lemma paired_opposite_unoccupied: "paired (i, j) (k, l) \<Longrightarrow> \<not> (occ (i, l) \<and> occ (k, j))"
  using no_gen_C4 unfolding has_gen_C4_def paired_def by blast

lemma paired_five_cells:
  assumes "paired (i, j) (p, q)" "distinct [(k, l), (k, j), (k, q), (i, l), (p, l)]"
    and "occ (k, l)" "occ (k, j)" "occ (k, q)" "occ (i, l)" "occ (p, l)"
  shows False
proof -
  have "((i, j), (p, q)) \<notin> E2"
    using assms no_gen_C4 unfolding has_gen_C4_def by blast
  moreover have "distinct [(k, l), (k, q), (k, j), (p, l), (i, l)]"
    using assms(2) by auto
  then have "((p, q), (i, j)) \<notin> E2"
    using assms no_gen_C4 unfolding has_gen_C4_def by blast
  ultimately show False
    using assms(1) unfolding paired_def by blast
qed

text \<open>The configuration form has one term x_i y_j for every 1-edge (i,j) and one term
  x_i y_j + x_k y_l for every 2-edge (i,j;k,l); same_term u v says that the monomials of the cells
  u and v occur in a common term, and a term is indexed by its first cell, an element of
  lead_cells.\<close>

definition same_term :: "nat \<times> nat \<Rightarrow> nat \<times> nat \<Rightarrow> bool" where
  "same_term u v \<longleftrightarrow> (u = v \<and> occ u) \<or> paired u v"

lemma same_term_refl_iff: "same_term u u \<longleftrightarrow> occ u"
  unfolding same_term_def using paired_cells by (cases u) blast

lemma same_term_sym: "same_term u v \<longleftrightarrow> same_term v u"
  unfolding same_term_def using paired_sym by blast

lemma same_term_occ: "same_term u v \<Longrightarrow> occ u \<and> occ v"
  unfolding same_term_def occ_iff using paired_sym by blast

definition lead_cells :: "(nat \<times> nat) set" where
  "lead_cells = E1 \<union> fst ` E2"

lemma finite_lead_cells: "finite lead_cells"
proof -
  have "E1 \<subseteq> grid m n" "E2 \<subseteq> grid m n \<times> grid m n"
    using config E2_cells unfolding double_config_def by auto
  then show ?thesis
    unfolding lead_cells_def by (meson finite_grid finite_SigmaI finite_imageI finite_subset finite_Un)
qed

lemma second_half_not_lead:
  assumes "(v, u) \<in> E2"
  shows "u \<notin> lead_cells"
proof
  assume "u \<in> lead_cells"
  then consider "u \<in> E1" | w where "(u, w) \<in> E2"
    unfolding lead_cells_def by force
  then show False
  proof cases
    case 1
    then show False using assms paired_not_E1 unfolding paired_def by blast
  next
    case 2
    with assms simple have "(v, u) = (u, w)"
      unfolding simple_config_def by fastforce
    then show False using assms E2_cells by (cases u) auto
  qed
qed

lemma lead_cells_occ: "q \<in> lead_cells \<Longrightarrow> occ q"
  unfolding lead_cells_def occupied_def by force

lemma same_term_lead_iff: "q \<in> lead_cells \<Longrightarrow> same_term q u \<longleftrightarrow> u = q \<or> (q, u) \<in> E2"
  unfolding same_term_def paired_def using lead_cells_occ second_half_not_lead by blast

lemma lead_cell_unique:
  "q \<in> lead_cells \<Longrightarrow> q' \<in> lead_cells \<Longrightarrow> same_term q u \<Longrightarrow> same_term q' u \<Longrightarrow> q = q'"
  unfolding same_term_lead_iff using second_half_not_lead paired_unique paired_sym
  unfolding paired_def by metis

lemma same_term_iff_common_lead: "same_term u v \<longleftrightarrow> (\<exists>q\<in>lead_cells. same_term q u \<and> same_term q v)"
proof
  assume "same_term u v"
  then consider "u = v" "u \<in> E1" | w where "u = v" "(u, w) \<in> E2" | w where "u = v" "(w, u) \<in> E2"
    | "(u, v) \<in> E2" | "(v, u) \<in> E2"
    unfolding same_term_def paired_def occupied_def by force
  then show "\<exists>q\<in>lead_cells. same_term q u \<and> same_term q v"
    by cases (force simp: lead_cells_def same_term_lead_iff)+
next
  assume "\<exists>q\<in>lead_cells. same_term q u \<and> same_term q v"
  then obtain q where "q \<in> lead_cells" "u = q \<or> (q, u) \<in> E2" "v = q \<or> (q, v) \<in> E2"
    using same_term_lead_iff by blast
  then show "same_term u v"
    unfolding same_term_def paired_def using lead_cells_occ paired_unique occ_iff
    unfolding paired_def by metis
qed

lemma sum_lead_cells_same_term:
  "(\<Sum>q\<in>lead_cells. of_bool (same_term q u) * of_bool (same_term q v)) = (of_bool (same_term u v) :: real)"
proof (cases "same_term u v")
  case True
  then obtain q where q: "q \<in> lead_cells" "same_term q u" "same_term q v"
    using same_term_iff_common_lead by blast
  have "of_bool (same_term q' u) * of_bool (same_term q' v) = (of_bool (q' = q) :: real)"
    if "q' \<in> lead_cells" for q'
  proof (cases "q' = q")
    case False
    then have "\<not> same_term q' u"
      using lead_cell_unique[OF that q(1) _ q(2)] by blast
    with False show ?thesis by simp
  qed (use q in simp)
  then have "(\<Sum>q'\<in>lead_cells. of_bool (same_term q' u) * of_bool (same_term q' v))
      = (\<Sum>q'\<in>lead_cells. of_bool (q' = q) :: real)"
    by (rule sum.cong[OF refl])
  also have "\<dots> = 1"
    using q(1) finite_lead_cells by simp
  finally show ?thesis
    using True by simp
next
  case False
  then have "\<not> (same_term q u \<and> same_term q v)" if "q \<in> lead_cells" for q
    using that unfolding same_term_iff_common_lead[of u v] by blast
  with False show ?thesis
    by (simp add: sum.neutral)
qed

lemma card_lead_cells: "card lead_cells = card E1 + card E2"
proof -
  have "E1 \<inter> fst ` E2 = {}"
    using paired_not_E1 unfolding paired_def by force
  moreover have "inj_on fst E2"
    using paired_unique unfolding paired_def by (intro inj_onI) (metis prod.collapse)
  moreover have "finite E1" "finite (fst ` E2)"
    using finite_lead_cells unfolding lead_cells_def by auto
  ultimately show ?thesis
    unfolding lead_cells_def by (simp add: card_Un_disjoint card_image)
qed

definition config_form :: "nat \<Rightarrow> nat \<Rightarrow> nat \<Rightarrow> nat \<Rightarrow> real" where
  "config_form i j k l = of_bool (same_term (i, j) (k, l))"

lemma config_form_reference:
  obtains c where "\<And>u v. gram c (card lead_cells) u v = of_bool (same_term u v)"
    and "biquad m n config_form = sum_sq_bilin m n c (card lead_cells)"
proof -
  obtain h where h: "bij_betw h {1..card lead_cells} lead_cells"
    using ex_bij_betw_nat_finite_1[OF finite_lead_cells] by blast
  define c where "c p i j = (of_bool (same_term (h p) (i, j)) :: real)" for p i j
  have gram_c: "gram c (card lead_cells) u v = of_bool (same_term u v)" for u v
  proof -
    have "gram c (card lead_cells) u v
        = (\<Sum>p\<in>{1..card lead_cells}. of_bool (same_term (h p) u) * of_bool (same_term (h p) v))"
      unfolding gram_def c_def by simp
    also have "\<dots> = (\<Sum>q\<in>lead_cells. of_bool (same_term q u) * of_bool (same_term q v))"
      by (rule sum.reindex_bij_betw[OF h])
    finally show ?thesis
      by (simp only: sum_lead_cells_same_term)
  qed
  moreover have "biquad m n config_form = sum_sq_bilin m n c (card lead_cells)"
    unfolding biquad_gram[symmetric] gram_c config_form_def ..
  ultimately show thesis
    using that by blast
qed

==

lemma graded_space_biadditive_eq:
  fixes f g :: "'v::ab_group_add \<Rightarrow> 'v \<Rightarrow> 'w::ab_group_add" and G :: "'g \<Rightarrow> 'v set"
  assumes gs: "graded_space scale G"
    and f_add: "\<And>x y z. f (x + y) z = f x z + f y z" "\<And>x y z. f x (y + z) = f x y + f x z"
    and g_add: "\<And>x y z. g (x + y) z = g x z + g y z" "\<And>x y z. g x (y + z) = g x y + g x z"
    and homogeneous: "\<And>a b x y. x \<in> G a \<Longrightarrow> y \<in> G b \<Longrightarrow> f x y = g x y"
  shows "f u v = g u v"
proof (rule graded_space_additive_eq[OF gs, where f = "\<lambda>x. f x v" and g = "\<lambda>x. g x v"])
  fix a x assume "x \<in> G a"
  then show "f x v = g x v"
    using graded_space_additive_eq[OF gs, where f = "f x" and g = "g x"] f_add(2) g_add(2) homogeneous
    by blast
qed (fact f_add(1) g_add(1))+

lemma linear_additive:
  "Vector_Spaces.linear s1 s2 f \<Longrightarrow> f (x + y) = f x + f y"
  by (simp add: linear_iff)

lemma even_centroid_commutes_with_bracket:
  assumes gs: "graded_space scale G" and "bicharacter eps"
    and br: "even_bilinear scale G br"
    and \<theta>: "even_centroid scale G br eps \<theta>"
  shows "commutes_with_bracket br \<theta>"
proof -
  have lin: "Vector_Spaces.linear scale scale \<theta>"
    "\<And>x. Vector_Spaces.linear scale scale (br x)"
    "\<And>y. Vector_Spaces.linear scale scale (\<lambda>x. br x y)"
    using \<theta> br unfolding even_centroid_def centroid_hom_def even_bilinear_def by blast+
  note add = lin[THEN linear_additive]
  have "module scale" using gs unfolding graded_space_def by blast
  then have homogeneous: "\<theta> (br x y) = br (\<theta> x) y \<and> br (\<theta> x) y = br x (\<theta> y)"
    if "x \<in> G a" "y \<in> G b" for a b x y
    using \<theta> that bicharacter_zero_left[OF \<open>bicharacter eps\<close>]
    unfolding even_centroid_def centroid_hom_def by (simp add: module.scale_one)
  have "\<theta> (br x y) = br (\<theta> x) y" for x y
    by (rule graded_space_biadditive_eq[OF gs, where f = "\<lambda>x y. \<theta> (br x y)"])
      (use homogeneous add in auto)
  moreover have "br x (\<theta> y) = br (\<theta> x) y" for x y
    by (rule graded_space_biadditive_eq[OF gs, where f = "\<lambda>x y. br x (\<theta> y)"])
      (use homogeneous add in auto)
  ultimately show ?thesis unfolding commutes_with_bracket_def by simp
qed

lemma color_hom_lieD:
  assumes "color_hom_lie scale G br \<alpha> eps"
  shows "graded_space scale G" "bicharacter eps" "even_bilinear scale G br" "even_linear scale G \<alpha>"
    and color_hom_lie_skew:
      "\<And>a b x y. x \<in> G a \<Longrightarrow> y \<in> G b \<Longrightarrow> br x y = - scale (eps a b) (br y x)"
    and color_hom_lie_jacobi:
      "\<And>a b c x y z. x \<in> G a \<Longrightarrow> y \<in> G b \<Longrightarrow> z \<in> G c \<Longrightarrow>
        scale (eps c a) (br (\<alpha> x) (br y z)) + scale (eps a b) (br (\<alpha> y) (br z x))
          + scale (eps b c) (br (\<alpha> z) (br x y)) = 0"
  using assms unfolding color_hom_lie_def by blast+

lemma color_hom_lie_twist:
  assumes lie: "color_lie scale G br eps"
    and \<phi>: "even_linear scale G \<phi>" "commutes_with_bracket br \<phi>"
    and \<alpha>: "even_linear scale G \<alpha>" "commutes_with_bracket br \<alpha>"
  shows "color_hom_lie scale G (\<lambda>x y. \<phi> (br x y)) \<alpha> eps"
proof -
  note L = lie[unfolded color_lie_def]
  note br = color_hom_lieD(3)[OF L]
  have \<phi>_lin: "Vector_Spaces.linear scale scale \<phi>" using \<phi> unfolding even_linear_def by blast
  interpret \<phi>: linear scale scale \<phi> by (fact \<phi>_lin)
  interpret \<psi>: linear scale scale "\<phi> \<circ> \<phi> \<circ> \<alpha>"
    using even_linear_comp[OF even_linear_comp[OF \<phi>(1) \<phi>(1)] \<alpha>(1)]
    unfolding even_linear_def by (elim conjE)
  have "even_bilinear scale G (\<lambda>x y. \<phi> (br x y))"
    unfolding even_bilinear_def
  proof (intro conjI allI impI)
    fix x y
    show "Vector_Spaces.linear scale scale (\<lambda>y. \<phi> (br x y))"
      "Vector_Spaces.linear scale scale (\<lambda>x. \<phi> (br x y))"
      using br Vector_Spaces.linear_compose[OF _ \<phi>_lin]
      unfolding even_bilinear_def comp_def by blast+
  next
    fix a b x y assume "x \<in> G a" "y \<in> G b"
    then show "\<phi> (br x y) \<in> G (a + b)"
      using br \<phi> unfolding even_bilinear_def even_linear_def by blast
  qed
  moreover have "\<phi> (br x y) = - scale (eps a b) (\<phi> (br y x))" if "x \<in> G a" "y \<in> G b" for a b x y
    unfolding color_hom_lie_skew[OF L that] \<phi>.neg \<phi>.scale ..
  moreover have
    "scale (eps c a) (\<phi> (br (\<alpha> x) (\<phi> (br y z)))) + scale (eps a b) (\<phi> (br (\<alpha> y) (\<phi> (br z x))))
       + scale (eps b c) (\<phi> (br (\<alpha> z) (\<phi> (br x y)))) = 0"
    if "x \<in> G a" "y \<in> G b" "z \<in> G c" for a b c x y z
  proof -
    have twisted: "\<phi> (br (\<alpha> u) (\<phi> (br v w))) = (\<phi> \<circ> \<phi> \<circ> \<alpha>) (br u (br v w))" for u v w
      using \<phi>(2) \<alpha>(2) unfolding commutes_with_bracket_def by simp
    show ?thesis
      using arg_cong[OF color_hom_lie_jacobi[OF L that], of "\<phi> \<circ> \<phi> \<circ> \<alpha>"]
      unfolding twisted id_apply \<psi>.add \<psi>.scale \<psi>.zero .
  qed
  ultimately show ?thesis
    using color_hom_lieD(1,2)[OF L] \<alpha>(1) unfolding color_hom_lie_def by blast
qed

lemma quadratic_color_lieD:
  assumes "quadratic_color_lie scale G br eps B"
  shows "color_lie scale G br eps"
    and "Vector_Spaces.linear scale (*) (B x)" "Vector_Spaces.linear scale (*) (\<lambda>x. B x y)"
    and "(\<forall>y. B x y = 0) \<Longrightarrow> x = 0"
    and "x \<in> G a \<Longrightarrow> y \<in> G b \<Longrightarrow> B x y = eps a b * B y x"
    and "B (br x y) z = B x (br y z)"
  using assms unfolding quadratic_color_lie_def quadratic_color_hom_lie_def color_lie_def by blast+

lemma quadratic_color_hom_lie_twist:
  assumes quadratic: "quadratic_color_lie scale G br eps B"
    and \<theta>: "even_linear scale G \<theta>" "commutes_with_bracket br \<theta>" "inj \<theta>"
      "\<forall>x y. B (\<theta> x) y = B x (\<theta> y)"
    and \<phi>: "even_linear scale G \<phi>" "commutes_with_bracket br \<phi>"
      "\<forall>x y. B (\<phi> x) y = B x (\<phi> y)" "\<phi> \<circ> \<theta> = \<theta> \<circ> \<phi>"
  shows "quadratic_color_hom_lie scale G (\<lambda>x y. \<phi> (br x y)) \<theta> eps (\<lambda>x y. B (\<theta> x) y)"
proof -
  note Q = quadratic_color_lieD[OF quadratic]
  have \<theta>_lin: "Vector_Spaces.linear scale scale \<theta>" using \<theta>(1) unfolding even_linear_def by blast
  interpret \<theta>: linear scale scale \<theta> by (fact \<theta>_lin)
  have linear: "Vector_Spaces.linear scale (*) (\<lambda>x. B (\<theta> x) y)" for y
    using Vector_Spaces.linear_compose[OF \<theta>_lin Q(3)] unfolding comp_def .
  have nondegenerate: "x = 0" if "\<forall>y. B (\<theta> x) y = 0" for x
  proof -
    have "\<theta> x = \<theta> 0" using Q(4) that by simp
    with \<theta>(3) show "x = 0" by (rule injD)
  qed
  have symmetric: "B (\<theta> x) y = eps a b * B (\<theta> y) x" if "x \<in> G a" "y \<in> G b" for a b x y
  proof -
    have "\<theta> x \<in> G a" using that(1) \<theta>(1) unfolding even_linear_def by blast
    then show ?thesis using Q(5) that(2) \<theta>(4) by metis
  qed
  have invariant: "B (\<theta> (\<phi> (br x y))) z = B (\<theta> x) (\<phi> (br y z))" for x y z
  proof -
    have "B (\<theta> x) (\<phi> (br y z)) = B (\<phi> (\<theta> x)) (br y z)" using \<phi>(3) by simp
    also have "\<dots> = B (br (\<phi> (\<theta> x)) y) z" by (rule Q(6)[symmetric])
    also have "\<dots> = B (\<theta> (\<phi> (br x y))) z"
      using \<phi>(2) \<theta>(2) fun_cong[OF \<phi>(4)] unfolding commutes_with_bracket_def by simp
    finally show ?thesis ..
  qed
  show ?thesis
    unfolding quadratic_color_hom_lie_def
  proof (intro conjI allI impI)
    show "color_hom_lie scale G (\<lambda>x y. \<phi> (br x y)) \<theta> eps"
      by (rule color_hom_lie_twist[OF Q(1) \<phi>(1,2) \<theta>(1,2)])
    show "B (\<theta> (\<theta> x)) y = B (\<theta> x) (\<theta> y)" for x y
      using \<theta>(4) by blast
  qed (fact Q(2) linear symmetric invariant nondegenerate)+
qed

#### WHAT IS REQUIRED
Using the listing above, copy exactly the line that contains "using \<phi>(3) by simp", the line that contains "using \<theta>(4) by blast", and each line that falls between them.

#### EXERCISE RESPONSE
    have "B (\<theta> x) (\<phi> (br y z)) = B (\<phi> (\<theta> x)) (br y z)" using \<phi>(3) by simp
    also have "\<dots> = B (br (\<phi> (\<theta> x)) y) z" by (rule Q(6)[symmetric])
    also have "\<dots> = B (\<theta> (\<phi> (br x y))) z"
      using \<phi>(2) \<theta>(2) fun_cong[OF \<phi>(4)] unfolding commutes_with_bracket_def by simp
    finally show ?thesis ..
  qed
  show ?thesis
    unfolding quadratic_color_hom_lie_def
  proof (intro conjI allI impI)
    show "color_hom_lie scale G (\<lambda>x y. \<phi> (br x y)) \<theta> eps"
      by (rule color_hom_lie_twist[OF Q(1) \<phi>(1,2) \<theta>(1,2)])
    show "B (\<theta> (\<theta> x)) y = B (\<theta> x) (\<theta> y)" for x y
      using \<theta>(4) by blast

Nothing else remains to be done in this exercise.